* How to complete this task: Below are the records; copy each line in which "induction" can be found.

(Dataset entries)
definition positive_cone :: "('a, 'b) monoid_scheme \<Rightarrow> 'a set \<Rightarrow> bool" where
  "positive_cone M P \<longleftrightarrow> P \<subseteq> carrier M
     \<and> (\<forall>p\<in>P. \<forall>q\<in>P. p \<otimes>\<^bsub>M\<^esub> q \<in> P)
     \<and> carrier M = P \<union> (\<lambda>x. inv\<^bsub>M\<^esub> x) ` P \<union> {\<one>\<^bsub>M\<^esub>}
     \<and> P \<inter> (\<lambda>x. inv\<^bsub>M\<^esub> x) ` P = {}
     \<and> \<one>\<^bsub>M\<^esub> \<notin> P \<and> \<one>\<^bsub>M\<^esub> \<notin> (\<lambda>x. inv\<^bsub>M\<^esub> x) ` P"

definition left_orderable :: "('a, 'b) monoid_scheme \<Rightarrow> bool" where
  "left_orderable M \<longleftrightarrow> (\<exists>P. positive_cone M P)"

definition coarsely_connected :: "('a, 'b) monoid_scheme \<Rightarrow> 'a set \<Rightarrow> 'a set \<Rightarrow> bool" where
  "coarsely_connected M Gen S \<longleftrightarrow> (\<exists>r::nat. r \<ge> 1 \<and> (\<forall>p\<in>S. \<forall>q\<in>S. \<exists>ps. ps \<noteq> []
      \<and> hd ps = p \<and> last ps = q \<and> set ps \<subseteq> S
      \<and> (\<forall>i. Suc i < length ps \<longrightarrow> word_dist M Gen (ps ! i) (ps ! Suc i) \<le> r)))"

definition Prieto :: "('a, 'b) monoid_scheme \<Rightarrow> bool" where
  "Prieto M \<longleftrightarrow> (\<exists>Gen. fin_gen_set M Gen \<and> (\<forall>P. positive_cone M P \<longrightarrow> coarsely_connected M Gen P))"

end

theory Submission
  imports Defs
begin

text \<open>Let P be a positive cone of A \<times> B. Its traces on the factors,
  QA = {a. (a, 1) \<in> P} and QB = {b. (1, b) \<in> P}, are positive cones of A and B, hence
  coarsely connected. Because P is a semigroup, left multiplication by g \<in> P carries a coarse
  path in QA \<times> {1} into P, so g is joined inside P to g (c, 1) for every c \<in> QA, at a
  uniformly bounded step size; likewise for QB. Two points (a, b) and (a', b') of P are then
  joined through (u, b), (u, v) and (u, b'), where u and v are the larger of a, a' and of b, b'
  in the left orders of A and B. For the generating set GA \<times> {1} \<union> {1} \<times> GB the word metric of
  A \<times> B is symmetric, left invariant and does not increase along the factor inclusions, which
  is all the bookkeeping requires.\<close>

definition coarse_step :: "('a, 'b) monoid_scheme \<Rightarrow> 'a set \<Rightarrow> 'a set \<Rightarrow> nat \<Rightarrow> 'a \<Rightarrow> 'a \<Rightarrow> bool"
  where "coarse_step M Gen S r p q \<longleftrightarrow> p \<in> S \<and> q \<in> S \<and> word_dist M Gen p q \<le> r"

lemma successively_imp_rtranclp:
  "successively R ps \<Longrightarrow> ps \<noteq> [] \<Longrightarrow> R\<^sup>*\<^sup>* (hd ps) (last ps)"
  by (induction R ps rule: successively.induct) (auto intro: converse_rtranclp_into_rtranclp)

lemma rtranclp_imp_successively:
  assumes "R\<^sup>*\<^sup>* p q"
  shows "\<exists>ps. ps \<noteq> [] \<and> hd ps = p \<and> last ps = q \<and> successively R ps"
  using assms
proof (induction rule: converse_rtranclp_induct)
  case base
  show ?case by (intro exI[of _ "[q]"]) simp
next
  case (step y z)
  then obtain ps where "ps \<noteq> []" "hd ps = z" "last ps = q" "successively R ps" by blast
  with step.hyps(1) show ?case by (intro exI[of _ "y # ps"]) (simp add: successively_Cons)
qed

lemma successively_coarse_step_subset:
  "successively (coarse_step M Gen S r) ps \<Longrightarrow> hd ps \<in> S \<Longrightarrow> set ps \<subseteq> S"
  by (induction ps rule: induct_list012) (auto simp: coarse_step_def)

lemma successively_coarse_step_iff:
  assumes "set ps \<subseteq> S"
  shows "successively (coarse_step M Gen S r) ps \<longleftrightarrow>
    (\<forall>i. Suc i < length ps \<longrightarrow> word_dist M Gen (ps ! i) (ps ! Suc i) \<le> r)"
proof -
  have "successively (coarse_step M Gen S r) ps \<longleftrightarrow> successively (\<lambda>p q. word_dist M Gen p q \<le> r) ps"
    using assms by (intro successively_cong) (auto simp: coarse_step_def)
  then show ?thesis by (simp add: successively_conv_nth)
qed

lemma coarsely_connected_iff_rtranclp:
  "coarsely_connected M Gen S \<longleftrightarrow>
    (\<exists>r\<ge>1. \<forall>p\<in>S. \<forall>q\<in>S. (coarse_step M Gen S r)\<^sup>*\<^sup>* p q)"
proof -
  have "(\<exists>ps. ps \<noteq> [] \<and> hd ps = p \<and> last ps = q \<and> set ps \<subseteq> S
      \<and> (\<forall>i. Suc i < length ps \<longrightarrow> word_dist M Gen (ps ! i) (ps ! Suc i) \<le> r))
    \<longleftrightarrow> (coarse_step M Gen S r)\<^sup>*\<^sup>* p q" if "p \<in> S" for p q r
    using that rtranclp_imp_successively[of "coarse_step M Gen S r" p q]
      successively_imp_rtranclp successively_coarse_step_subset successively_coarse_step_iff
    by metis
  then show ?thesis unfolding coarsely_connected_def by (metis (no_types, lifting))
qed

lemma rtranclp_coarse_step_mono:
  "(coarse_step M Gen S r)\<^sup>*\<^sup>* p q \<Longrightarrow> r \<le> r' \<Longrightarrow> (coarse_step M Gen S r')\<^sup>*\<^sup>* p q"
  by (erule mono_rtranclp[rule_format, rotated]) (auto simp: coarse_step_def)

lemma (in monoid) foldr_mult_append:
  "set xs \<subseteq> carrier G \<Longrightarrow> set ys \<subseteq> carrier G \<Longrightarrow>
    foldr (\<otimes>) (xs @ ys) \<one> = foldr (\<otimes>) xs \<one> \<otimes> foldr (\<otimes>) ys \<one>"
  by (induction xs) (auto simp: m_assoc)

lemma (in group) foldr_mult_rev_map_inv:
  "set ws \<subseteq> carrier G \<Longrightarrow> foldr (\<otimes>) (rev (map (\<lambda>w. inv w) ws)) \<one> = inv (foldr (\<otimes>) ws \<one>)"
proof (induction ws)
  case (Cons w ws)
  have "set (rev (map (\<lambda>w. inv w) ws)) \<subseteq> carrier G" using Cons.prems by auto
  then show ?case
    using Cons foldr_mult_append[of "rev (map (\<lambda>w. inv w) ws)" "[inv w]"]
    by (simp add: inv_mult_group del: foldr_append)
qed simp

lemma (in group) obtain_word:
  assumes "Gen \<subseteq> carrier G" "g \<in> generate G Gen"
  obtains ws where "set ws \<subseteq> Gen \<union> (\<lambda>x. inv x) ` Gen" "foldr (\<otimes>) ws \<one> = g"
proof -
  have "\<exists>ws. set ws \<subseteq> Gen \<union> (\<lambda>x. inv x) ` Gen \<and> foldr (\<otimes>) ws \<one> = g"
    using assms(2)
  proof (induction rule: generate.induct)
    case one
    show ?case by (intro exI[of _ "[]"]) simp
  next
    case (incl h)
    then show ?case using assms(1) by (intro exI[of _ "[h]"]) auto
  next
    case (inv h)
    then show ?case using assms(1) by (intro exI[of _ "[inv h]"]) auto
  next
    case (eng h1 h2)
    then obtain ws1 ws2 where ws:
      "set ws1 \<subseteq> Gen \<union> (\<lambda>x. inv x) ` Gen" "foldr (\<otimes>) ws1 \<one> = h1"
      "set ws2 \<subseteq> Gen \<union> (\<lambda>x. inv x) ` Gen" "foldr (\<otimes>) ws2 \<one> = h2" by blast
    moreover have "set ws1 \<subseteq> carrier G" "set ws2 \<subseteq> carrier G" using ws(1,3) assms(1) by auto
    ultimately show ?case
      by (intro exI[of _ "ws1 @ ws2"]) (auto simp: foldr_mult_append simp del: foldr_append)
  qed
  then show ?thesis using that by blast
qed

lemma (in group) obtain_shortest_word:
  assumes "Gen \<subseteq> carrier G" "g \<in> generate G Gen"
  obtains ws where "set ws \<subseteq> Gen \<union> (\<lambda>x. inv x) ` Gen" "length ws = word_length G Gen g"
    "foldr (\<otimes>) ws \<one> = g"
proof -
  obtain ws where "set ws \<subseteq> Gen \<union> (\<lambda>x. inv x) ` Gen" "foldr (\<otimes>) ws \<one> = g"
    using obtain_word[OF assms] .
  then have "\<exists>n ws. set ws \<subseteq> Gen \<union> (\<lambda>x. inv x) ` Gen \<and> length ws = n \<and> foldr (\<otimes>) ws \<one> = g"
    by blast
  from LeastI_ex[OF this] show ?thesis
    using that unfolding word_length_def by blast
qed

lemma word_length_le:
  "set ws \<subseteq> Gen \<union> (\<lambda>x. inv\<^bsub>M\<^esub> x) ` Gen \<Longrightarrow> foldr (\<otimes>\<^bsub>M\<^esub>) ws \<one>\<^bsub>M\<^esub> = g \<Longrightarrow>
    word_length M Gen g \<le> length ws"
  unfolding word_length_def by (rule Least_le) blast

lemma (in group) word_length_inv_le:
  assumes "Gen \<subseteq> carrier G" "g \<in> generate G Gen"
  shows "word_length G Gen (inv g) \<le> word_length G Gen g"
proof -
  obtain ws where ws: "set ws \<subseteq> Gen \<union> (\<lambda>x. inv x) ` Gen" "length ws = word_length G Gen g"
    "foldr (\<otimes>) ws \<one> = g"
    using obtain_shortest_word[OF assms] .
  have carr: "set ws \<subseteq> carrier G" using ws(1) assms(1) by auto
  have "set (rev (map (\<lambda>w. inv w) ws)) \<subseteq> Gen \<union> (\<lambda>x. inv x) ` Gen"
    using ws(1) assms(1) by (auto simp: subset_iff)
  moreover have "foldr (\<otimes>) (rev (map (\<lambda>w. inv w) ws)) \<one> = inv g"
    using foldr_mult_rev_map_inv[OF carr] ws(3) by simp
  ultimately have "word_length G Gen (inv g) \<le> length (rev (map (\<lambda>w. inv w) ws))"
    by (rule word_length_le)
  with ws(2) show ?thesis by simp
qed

* Answer for this exercise:
  by (induction R ps rule: successively.induct) (auto intro: converse_rtranclp_into_rtranclp)
proof (induction rule: converse_rtranclp_induct)
  by (induction ps rule: induct_list012) (auto simp: coarse_step_def)
  by (induction xs) (auto simp: m_assoc)
proof (induction ws)
  proof (induction rule: generate.induct)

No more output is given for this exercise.